--- Problem description ---
Where a line of the material contains the string "Longrightarrow", copy that line.

--- Dataset content ---

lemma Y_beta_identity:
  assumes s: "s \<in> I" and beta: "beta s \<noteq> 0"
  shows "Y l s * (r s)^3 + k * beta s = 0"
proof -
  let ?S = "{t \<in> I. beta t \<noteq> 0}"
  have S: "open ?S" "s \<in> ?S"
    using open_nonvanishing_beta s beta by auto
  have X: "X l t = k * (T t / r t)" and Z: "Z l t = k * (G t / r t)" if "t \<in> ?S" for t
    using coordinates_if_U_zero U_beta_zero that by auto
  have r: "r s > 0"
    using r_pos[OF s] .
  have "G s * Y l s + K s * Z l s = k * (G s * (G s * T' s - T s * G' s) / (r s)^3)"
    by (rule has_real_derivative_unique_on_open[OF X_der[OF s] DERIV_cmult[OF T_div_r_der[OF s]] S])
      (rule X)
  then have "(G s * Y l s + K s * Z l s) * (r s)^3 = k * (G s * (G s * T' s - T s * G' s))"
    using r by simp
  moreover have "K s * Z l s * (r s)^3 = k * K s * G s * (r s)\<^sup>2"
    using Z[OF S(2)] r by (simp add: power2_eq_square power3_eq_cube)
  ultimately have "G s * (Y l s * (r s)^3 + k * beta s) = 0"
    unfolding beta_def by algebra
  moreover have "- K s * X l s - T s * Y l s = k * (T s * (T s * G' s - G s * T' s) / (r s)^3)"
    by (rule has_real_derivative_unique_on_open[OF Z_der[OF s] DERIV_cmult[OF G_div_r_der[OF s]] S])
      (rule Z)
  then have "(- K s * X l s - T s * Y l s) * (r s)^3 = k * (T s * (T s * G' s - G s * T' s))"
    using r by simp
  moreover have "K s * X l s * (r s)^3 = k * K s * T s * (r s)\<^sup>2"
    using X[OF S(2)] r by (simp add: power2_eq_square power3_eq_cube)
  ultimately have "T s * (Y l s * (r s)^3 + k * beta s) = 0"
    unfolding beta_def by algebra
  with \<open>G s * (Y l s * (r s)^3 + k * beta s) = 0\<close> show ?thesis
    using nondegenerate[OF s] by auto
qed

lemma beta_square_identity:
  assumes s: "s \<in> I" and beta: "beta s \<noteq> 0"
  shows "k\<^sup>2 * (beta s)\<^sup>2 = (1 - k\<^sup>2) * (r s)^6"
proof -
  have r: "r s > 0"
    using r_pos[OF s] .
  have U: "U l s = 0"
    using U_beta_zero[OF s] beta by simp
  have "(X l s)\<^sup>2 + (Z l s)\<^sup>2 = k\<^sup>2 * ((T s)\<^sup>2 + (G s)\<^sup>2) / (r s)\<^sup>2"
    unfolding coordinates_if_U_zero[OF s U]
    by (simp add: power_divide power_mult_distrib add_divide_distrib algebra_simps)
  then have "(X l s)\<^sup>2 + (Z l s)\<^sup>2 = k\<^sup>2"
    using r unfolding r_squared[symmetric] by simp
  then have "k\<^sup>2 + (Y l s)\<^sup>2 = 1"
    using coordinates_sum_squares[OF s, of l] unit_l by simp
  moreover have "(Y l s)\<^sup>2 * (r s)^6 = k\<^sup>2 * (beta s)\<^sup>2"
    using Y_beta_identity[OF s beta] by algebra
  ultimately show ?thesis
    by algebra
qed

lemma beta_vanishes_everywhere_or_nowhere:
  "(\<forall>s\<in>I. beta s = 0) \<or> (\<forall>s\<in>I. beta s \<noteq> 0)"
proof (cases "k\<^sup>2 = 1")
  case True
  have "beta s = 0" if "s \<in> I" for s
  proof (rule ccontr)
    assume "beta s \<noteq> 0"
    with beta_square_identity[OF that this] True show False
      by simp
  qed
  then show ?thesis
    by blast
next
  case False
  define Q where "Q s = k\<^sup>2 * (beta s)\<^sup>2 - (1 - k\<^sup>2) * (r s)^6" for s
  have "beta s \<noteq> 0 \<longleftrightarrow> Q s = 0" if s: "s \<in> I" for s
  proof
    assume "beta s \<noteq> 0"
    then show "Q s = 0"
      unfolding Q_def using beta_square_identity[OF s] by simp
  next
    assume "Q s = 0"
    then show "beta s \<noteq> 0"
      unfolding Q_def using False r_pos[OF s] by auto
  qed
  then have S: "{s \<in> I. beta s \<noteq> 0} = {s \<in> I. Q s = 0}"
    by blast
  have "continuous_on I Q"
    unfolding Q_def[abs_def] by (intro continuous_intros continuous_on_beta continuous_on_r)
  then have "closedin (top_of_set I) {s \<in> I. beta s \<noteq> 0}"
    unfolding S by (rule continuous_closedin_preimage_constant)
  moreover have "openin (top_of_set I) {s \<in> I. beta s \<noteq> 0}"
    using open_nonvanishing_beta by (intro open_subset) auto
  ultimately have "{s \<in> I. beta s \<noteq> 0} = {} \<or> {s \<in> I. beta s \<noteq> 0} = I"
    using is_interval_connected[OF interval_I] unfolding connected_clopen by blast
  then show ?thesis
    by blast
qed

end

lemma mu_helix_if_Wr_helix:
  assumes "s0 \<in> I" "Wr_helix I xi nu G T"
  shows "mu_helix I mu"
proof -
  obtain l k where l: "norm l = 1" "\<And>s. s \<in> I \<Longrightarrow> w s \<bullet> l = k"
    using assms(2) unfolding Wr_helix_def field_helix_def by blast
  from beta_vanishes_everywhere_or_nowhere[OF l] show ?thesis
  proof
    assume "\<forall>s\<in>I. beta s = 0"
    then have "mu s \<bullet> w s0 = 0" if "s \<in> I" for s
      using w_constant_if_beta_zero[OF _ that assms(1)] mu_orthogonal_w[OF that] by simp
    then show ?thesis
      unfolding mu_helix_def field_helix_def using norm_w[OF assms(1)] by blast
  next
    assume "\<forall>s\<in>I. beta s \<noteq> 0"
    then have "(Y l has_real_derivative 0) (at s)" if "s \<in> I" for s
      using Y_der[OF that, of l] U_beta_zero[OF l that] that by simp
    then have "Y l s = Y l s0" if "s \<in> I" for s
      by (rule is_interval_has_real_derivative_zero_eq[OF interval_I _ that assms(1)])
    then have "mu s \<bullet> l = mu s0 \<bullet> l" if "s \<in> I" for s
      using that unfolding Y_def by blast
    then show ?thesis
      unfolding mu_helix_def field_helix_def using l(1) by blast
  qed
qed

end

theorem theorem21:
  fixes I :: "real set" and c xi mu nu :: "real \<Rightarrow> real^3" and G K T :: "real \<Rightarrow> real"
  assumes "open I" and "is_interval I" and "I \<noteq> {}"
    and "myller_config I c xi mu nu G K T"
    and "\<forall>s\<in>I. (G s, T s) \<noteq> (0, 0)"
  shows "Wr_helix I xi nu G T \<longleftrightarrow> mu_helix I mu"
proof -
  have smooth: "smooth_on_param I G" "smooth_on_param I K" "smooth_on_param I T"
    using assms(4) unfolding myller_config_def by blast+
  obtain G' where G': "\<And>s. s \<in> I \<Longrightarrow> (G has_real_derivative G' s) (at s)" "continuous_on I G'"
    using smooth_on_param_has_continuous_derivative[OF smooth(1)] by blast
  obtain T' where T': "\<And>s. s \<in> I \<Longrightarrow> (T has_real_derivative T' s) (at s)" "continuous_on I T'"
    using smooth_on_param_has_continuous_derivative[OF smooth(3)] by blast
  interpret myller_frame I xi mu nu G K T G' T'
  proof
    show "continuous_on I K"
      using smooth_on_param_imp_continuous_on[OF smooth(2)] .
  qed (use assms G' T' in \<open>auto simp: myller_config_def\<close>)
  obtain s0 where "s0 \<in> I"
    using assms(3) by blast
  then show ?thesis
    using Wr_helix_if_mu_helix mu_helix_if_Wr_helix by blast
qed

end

--- Problem solution ---
  obtain l k where l: "norm l = 1" "\<And>s. s \<in> I \<Longrightarrow> w s \<bullet> l = k"
  obtain G' where G': "\<And>s. s \<in> I \<Longrightarrow> (G has_real_derivative G' s) (at s)" "continuous_on I G'"
  obtain T' where T': "\<And>s. s \<in> I \<Longrightarrow> (T has_real_derivative T' s) (at s)" "continuous_on I T'"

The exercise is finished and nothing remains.